The recently released PNG 3 also supports HDR and animations: https://www.w3.org/TR/png-3/

bawolff•44m ago
> The recently released PNG 3 also supports HDR and animations: https://www.w3.org/TR/png-3/

APNG isn't recent so much as the specs were merged together. APNG will be 21 years old in a few weeks.

layer8•40m ago
True, but https://news.ycombinator.com/item?id=44802079 presumably holds the opinion that APNG != PNG, so I mentioned PNG 3 to counteract that. Animated PNGs being officially PNG is recent.
duskwuff•9m ago
Adam7 is interlacing, not progressive decoding (i.e. it cannot be used to selectively decode a part of the image). It also interacts extremely poorly with compression; there is no good reason to ever use it.
adzm•2m ago
Web browsers already have code in place for webp (lossless,vp8) and avif (av1, which also supports animation), as well as classic jpeg and png, and maybe also HEIC (hevc/h265)... what benefit do we have by adding yet another file format if all the use cases are already covered by the existing formats?
bawolff•48m ago
I think there is a benefit to knowing that if you have a png file it works everywhere that supports png.

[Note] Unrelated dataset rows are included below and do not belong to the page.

lemma mat_adjoint_conj:
  fixes A W :: "'a :: conjugatable_field mat"
  assumes "A \<in> carrier_mat n n" "W \<in> carrier_mat n k"
  shows "mat_adjoint (mat_adjoint W * A * W) = mat_adjoint W * mat_adjoint A * W"
proof -
  have WA: "mat_adjoint W * A \<in> carrier_mat k n"
    using assms by (meson mat_adjoint_carrier mult_carrier_mat)
  have "mat_adjoint (mat_adjoint W * A * W) = mat_adjoint W * (mat_adjoint A * W)"
    using mat_adjoint_mult[OF WA assms(2)] mat_adjoint_mult[OF mat_adjoint_carrier[OF assms(2)] assms(1)]
    by simp
  then show ?thesis
    using assms by (simp add: assoc_mult_mat[of _ k n _ n _ k])
qed

lemma unitary_conj_eigenvector_col:
  fixes A :: "complex mat"
  assumes W: "unitary_mat n W" and A: "A \<in> carrier_mat n n"
    and v: "col W 0 = c \<cdot>\<^sub>v v" "v \<in> carrier_vec n" "A *\<^sub>v v = e \<cdot>\<^sub>v v" and i: "i < n"
  shows "(mat_adjoint W * A * W) $$ (i, 0) = (if i = 0 then e else 0)"
proof -
  have Wc: "W \<in> carrier_mat n n" "mat_adjoint W \<in> carrier_mat n n"
    using unitary_mat_carrier[OF W] by auto
  have "col (A * W) 0 = e \<cdot>\<^sub>v col W 0"
    using v A i col_mult2[OF A Wc(1), of 0] by (simp add: mult_mat_vec smult_smult_assoc mult.commute)
  then have "(mat_adjoint W * A * W) $$ (i, 0) = e * (row (mat_adjoint W) i \<bullet> col W 0)"
    using i Wc A by (simp add: assoc_mult_mat[OF Wc(2) A Wc(1)] scalar_prod_smult_distrib[of _ n])
  also have "row (mat_adjoint W) i \<bullet> col W 0 = (mat_adjoint W * W) $$ (i, 0)"
    using Wc i by simp
  finally show ?thesis
    using unitary_mat_left_inverse[OF W] i by simp
qed

lemma hermitian_first_col_block:
  fixes B :: "complex mat"
  assumes B: "B \<in> carrier_mat (Suc m) (Suc m)" and herm: "mat_adjoint B = B"
    and col0: "\<And>i. i < Suc m \<Longrightarrow> B $$ (i, 0) = (if i = 0 then e else 0)"
  defines "B3 \<equiv> mat m m (\<lambda>(i, j). B $$ (Suc i, Suc j))"
  shows "B = four_block_mat (mat 1 1 (\<lambda>_. e)) (0\<^sub>m 1 m) (0\<^sub>m m 1) B3" "mat_adjoint B3 = B3"
proof -
  have entry: "B $$ (j, i) = cnj (B $$ (i, j))" if "i < Suc m" "j < Suc m" for i j
    using arg_cong[OF herm, of "\<lambda>M. M $$ (j, i)"] B that by simp
  have B00: "B $$ (0, 0) = e"
    using col0[of 0] by simp
  have e_real: "cnj e = e"
    using entry[of 0 0] unfolding B00 by simp
  have row0: "B $$ (0, j) = (if j = 0 then e else 0)" if "j < Suc m" for j
  proof -
    have "B $$ (0, j) = cnj (B $$ (j, 0))"
      using entry[of j 0] that by simp
    then show ?thesis
      using col0[OF that] e_real by simp
  qed
  show "B = four_block_mat (mat 1 1 (\<lambda>_. e)) (0\<^sub>m 1 m) (0\<^sub>m m 1) B3"
  proof (rule eq_matI)
    fix i j
    assume "i < dim_row (four_block_mat (mat 1 1 (\<lambda>_. e)) (0\<^sub>m 1 m) (0\<^sub>m m 1) B3)"
      "j < dim_col (four_block_mat (mat 1 1 (\<lambda>_. e)) (0\<^sub>m 1 m) (0\<^sub>m m 1) B3)"
    then have ij: "i < Suc m" "j < Suc m" by (auto simp: B3_def)
    show "B $$ (i, j) = four_block_mat (mat 1 1 (\<lambda>_. e)) (0\<^sub>m 1 m) (0\<^sub>m m 1) B3 $$ (i, j)"
      using ij col0 row0 by (cases i; cases j) (auto simp: B3_def)
  qed (use B in \<open>auto simp: B3_def\<close>)
  show "mat_adjoint B3 = B3"
  proof (rule eq_matI)
    fix i j assume "i < dim_row B3" "j < dim_col B3"
    then show "mat_adjoint B3 $$ (i, j) = B3 $$ (i, j)"
      using entry[of "Suc j" "Suc i"] by (simp add: B3_def)
  qed (auto simp: B3_def)
qed
(* Let $L$ be a linear ordering and let $\Phi(L)$ be the colored linear ordering defined in the context. Then the structure $(L,<,s,p)$ is homogeneous if and only if $\Phi(L)$ is homogeneous.
   Context: For a linear ordering $L$, $s(x)$ is the immediate successor of $x$ if it exists and $x$ otherwise; $p(x)$ is the immediate predecessor of $x$ if it exists and $x$ otherwise. A structure is homogeneous if every isomorphism between finitely generated substructures extends to an automorphism. The equivalence relation $x\sim_1 y$ holds iff only finitely many elements lie between $x$ and $y$; its classes (1-blocks) are convex, and each is isomorphic to $\omega$, $\omega^*$, $\zeta$ or a finite $n\ge1$. $\Phi(L)$ is the quotient ordering $L/\sim_1$ (with $[x]<[y]$ iff $x<y$ for elements of distinct blocks), expanded by unary predicates $w,z,sw,c_n$ ($n\ge1$): $w([x])$ iff $[x]\cong\omega$, $z([x])$ iff $[x]\cong\zeta$, $sw([x])$ iff $[x]\cong\omega^*$, and $c_n([x])$ iff $[x]$ has exactly $n$ elements. $\Phi(L)$ is regarded as a structure in the language $(<,w,z,sw,\{c_n\}_{n\ge1})$. *)

theory Defs
  imports Main
begin

definition strict_linear_on :: "'a set \<Rightarrow> ('a \<Rightarrow> 'a \<Rightarrow> bool) \<Rightarrow> bool" where
  "strict_linear_on A lt \<longleftrightarrow>
     (\<forall>x\<in>A. \<not> lt x x) \<and>
     (\<forall>x\<in>A. \<forall>y\<in>A. \<forall>z\<in>A. lt x y \<longrightarrow> lt y z \<longrightarrow> lt x z) \<and>
     (\<forall>x\<in>A. \<forall>y\<in>A. x \<noteq> y \<longrightarrow> lt x y \<or> lt y x)"

definition is_succ :: "'a set \<Rightarrow> ('a \<Rightarrow> 'a \<Rightarrow> bool) \<Rightarrow> 'a \<Rightarrow> 'a \<Rightarrow> bool" where
  "is_succ A lt x y \<longleftrightarrow> y \<in> A \<and> lt x y \<and> \<not> (\<exists>z\<in>A. lt x z \<and> lt z y)"

definition is_pred :: "'a set \<Rightarrow> ('a \<Rightarrow> 'a \<Rightarrow> bool) \<Rightarrow> 'a \<Rightarrow> 'a \<Rightarrow> bool" where
  "is_pred A lt x y \<longleftrightarrow> y \<in> A \<and> lt y x \<and> \<not> (\<exists>z\<in>A. lt y z \<and> lt z x)"

definition succ_fn :: "'a set \<Rightarrow> ('a \<Rightarrow> 'a \<Rightarrow> bool) \<Rightarrow> 'a \<Rightarrow> 'a" where
  "succ_fn A lt x = (if \<exists>y. is_succ A lt x y then (THE y. is_succ A lt x y) else x)"

definition pred_fn :: "'a set \<Rightarrow> ('a \<Rightarrow> 'a \<Rightarrow> bool) \<Rightarrow> 'a \<Rightarrow> 'a" where
  "pred_fn A lt x = (if \<exists>y. is_pred A lt x y then (THE y. is_pred A lt x y) else x)"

Better to make the back compat breaks be entirely new formats.

encom•46m ago
(2021)

In my opinion PNG doesn't need fixing. Being ancient is a feature. Everything supports it. As much as I appreciate the nerdy exercise, PNG is fine as it is. My only gripe is that some software writes needlessly bloated files (like adding a useless alpha channel, when it's not needed). I wish we didn't need tools like OptiPNG etc.